GeneReviews staff has selected the following disease-specific and/or umbrella support organizations and/or registries for the benefit of individuals with this disorder and their families. GeneReviews is not responsible for the information provided by other organizations. For information on selection criteria, click here.

  • National Library of Medicine Genetics Home Reference
  • NCBI Genes and Disease
  • PKD Foundation
    8330 Ward Parkway
    Suite 510
    Kansas City MO 64114-2000
    Phone: 800-753-2873 (toll-free); 816-931-2600
    Fax: 816-931-8655
  • The PKD Charity (Polycystic Kidney Disease)
    Scarcliffe S44 6TH
    United Kingdom
    Phone: 0300 111 1234
  • Kidney Foundation of Canada
    1599 Hurontario Street
    Suite 201
    Mississauga Ontario L5G 4S1
    Phone: 800-387-4474 (toll-free); 905-278-3003
    Fax: 905-271-4990
  • National Kidney Foundation (NKF)
    30 East 33rd Street
    New York NY 10016
    Phone: 800-622-9010 (toll-free); 212-889-2210
    Fax: 212-689-9261

Molecular Genetics

Information in the Molecular Genetics and OMIM tables may differ from that elsewhere in the GeneReview: tables may contain more recent information. —ED.

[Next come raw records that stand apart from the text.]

lemma card_annihilators_mult_le:
  fixes b :: "nat \<Rightarrow> 'g::{ab_group_add,finite} \<Rightarrow> 'f::{field,finite}"
  shows "card {A \<in> gmats k n. row_map k n A b = 0} * card (row_ideal k b) ^ n
           \<le> card (gmats k n :: (nat \<Rightarrow> nat \<Rightarrow> 'g \<Rightarrow> 'f) set)"
proof -
  let ?M = "gmats k n :: (nat \<Rightarrow> nat \<Rightarrow> 'g \<Rightarrow> 'f) set"
  let ?f = "\<lambda>A. row_map k n A b"
  let ?pad = "\<lambda>w j. if j < n then w j else 0 :: 'g \<Rightarrow> 'f"
  have "inj_on ?pad (PiE {..<n} (\<lambda>_. row_ideal k b))"
    by (intro inj_onI, erule (1) PiE_ext) (metis lessThan_iff)
  then have "card (row_ideal k b) ^ n \<le> card (?f ` ?M)"
    using card_inj_on_le[OF _ row_ideal_columns_subset_image_row_map] finite_gmats
    by (fastforce simp: card_PiE)
  moreover have "card ?M = card {A \<in> ?M. ?f A = 0} * card (?f ` ?M)"
    by (rule card_eq_card_kernel_mult_card_image[OF finite_gmats]) (auto simp: gmats_def row_map_add_matrix)
  ultimately show ?thesis by (simp add: mult_le_mono2)
qed

lemma sum_inverse_power_card_le:
  fixes f :: "'a \<Rightarrow> 'u set"
  assumes "finite B" "finite U" "f ` B \<subseteq> Pow U" "k \<le> n"
    and card_ge: "\<And>b. b \<in> B \<Longrightarrow> 2 \<le> card (f b)"
    and fibre_le: "\<And>W. W \<in> f ` B \<Longrightarrow> card {b\<in>B. f b = W} \<le> card W ^ k"
  shows "(\<Sum>b\<in>B. 1 / real (card (f b)) ^ n) \<le> 2 ^ card U * (1/2) ^ (n - k)"
proof -
  have term_le: "real (card {b\<in>B. f b = W}) * (1 / real (card W) ^ n) \<le> (1/2) ^ (n - k)"
    if "W \<in> f ` B" for W
  proof -
    have "2 \<le> card W" using that card_ge by auto
    have "real (card {b\<in>B. f b = W}) * (1 / real (card W) ^ n) \<le> real (card W) ^ k / real (card W) ^ n"
      using fibre_le[OF that] by (simp add: divide_right_mono flip: of_nat_power)
    also have "\<dots> = 1 / real (card W) ^ (n - k)"
      using \<open>2 \<le> card W\<close> \<open>k \<le> n\<close> by (simp add: power_diff)
    also have "\<dots> \<le> (1/2) ^ (n - k)"
      using \<open>2 \<le> card W\<close> by (simp add: power_one_over divide_left_mono power_mono)
    finally show ?thesis .
  qed
  have "(\<Sum>b\<in>B. 1 / real (card (f b)) ^ n)
      = (\<Sum>W\<in>f ` B. real (card {b\<in>B. f b = W}) * (1 / real (card W) ^ n))"
    using \<open>finite B\<close> by (subst sum.group[symmetric, where g = f]) auto
  also have "\<dots> \<le> real (card (f ` B)) * (1/2) ^ (n - k)"
    using sum_mono[OF term_le] by simp
  also have "\<dots> \<le> 2 ^ card U * (1/2) ^ (n - k)"
  proof (rule mult_right_mono)
    have "card (f ` B) \<le> card (Pow U)" using assms(2,3) by (intro card_mono) auto
    then show "real (card (f ` B)) \<le> 2 ^ card U" using \<open>finite U\<close> by (simp add: card_Pow flip: of_nat_power)
  qed simp
  finally show ?thesis .
qed

lemma one_minus_prob_full_rank:
  "1 - prob_full_rank TYPE('f::{field,finite}) TYPE('g::{ab_group_add,finite}) k n
     = real (card {A \<in> gmats k n :: (nat \<Rightarrow> nat \<Rightarrow> 'g \<Rightarrow> 'f) set. \<not> full_rank k n A})
       / real (card (gmats k n :: (nat \<Rightarrow> nat \<Rightarrow> 'g \<Rightarrow> 'f) set))"
proof -
  let ?M = "gmats k n :: (nat \<Rightarrow> nat \<Rightarrow> 'g \<Rightarrow> 'f) set"
  let ?good = "card {A \<in> ?M. full_rank k n A}" and ?bad = "card {A \<in> ?M. \<not> full_rank k n A}"
  have "0 \<in> ?M" by (simp add: gmats_def)
  then have "card ?M \<noteq> 0" using card_gt_0_iff[of ?M] finite_gmats by blast
  moreover have "card ?M = ?good + ?bad"
    using finite_gmats[of k n]
    by (subst card_Un_disjoint[symmetric]) (auto intro: arg_cong[where f = card] rev_finite_subset)
  ultimately have "real ?good + real ?bad \<noteq> 0" "real (card ?M) = real ?good + real ?bad"
    by (simp_all flip: of_nat_add)
  then show ?thesis unfolding prob_full_rank_def by (simp add: field_simps)
qed

lemma prob_not_full_rank_le_sum:
  "real (card {A \<in> gmats k n :: (nat \<Rightarrow> nat \<Rightarrow> 'g::{ab_group_add,finite} \<Rightarrow> 'f::{field,finite}) set.
                 \<not> full_rank k n A})
       / real (card (gmats k n :: (nat \<Rightarrow> nat \<Rightarrow> 'g \<Rightarrow> 'f) set))
     \<le> (\<Sum>b \<in> fg_vectors k - {0}. 1 / real (card (row_ideal k b :: ('g \<Rightarrow> 'f) set)) ^ n)"
proof -
  let ?M = "gmats k n :: (nat \<Rightarrow> nat \<Rightarrow> 'g \<Rightarrow> 'f) set"
  let ?B = "fg_vectors k - {0} :: (nat \<Rightarrow> 'g \<Rightarrow> 'f) set"
  let ?K = "\<lambda>b. {A \<in> ?M. row_map k n A b = 0}"
  have "finite ?B" using finite_fg_vectors by blast
  have "0 \<in> ?M" by (simp add: gmats_def)
  then have "card ?M > 0" using card_gt_0_iff[of ?M] finite_gmats by blast
  have "{A \<in> ?M. \<not> full_rank k n A} \<subseteq> (\<Union>b\<in>?B. ?K b)"
    using not_full_rank_imp_annihilated by fastforce
  then have "card {A \<in> ?M. \<not> full_rank k n A} \<le> card (\<Union>b\<in>?B. ?K b)"
    using \<open>finite ?B\<close> finite_gmats[of k n] by (intro card_mono) (auto intro: rev_finite_subset)
  also have "\<dots> \<le> (\<Sum>b\<in>?B. card (?K b))" using \<open>finite ?B\<close> by (rule card_UN_le)
  finally have "card {A \<in> ?M. \<not> full_rank k n A} \<le> (\<Sum>b\<in>?B. card (?K b))" .
  then have "real (card {A \<in> ?M. \<not> full_rank k n A}) / real (card ?M)
      \<le> (\<Sum>b\<in>?B. real (card (?K b))) / real (card ?M)"
    by (intro divide_right_mono) (simp_all flip: of_nat_sum)
  also have "\<dots> = (\<Sum>b\<in>?B. real (card (?K b)) / real (card ?M))" by (rule sum_divide_distrib)
  also have "\<dots> \<le> (\<Sum>b\<in>?B. 1 / real (card (row_ideal k b)) ^ n)"
  proof (rule sum_mono)
    fix b assume "b \<in> ?B"
    then have "0 < real (card (row_ideal k b)) ^ n" using two_le_card_row_ideal[of b k] by simp
    moreover have "real (card (?K b)) * real (card (row_ideal k b)) ^ n \<le> real (card ?M)"
      using card_annihilators_mult_le[of k n b] by (simp flip: of_nat_power of_nat_mult)
    ultimately show "real (card (?K b)) / real (card ?M) \<le> 1 / real (card (row_ideal k b)) ^ n"
      using \<open>card ?M > 0\<close> by (simp add: field_simps)
  qed
  finally show ?thesis .
qed

lemma prob_not_full_rank_le:
  assumes "k \<le> n"
  shows "1 - prob_full_rank TYPE('f::{field,finite}) TYPE('g::{ab_group_add,finite}) k n
           \<le> 2 ^ card (UNIV :: ('g \<Rightarrow> 'f) set) * (1/2) ^ (n - k)"
proof -
  have "(\<Sum>b \<in> fg_vectors k - {0}. 1 / real (card (row_ideal k b :: ('g \<Rightarrow> 'f) set)) ^ n)
      \<le> 2 ^ card (UNIV :: ('g \<Rightarrow> 'f) set) * (1/2) ^ (n - k)"
  proof (rule sum_inverse_power_card_le)
    fix W :: "('g \<Rightarrow> 'f) set"
    have "{b \<in> fg_vectors k - {0}. row_ideal k b = W} \<subseteq> {b \<in> fg_vectors k. \<forall>i<k. b i \<in> W}"
      using entry_mem_row_ideal by blast
    then have "card {b \<in> fg_vectors k - {0}. row_ideal k b = W}
        \<le> card {b \<in> fg_vectors k. \<forall>i<k. b i \<in> W}"
      by (rule card_mono[OF card_fg_vectors_entries_le(1)[OF finite]])
    also have "\<dots> \<le> card W ^ k" by (rule card_fg_vectors_entries_le(2)[OF finite])
    finally show "card {b \<in> fg_vectors k - {0}. row_ideal k b = W} \<le> card W ^ k" .
  qed (use assms finite_fg_vectors two_le_card_row_ideal in auto)
  then show ?thesis unfolding one_minus_prob_full_rank by (rule order_trans[OF prob_not_full_rank_le_sum])
qed

lemma nat_round_mult_le:
  fixes r :: real
  assumes "0 \<le> r" "r \<le> 1"
  shows "nat (round (r * real n)) \<le> n"
proof -
  have "r * real n \<le> real n" using assms by (simp add: mult_left_le_one_le)
  then show ?thesis using of_int_round_le[of "r * real n"] by linarith
qed

lemma half_power_round_le:
  fixes r :: real
  assumes "0 \<le> r" "r \<le> 1"
  shows "(1/2) ^ (n - nat (round (r * real n))) \<le> sqrt 2 * exp (- (ln 2 * (1 - r)) * real n)"
proof -
  let ?k = "nat (round (r * real n))"
  have "0 \<le> round (r * real n)" using round_mono[of 0 "r * real n"] assms by simp
  then have "real ?k \<le> r * real n + 1/2" using of_int_round_le[of "r * real n"] by simp
  then have "(1 - r) * real n - 1/2 \<le> real (n - ?k)"
    using nat_round_mult_le[OF assms] by (simp add: of_nat_diff algebra_simps)
  have "(1/2) ^ (n - ?k) = (2::real) powr (- real (n - ?k))"
    by (simp add: powr_minus_divide powr_realpow power_one_over)
  also have "\<dots> \<le> 2 powr (1/2 - (1 - r) * real n)"
    using \<open>(1 - r) * real n - 1/2 \<le> real (n - ?k)\<close> by (intro powr_mono) simp_all
  also have "\<dots> = 2 powr (1/2) / 2 powr ((1 - r) * real n)" by (rule powr_diff)
  also have "\<dots> = sqrt 2 / exp ((1 - r) * real n * ln 2)"
    by (subst powr_half_sqrt) (simp_all add: powr_def)
  also have "\<dots> = sqrt 2 * exp (- (ln 2 * (1 - r)) * real n)"
    by (simp add: exp_minus divide_inverse mult_ac)
  finally show ?thesis .
qed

Table A. Polycystic Kidney Disease, Autosomal Dominant: Genes and Databases

Data are compiled from the following standard references: gene symbol from HGNC; chromosomal locus, locus name, critical region, complementation group from OMIM; protein name from UniProt. For a description of databases (Locus Specific, HGMD) to which links are provided, click here.

Table B. OMIM Entries for Polycystic Kidney Disease, Autosomal Dominant (View All in OMIM)


Molecular Genetic Pathogenesis

Polycystin-1 and polycystin-2 are thought to interact to form a functional complex. Accumulating evidence indicates that, in common with many other PKD proteins, polycystin-1 and polycystin-2 are localized to primary cilia [Pazour et al 2002, Yoder et al 2002]; PKD is a ciliopathy.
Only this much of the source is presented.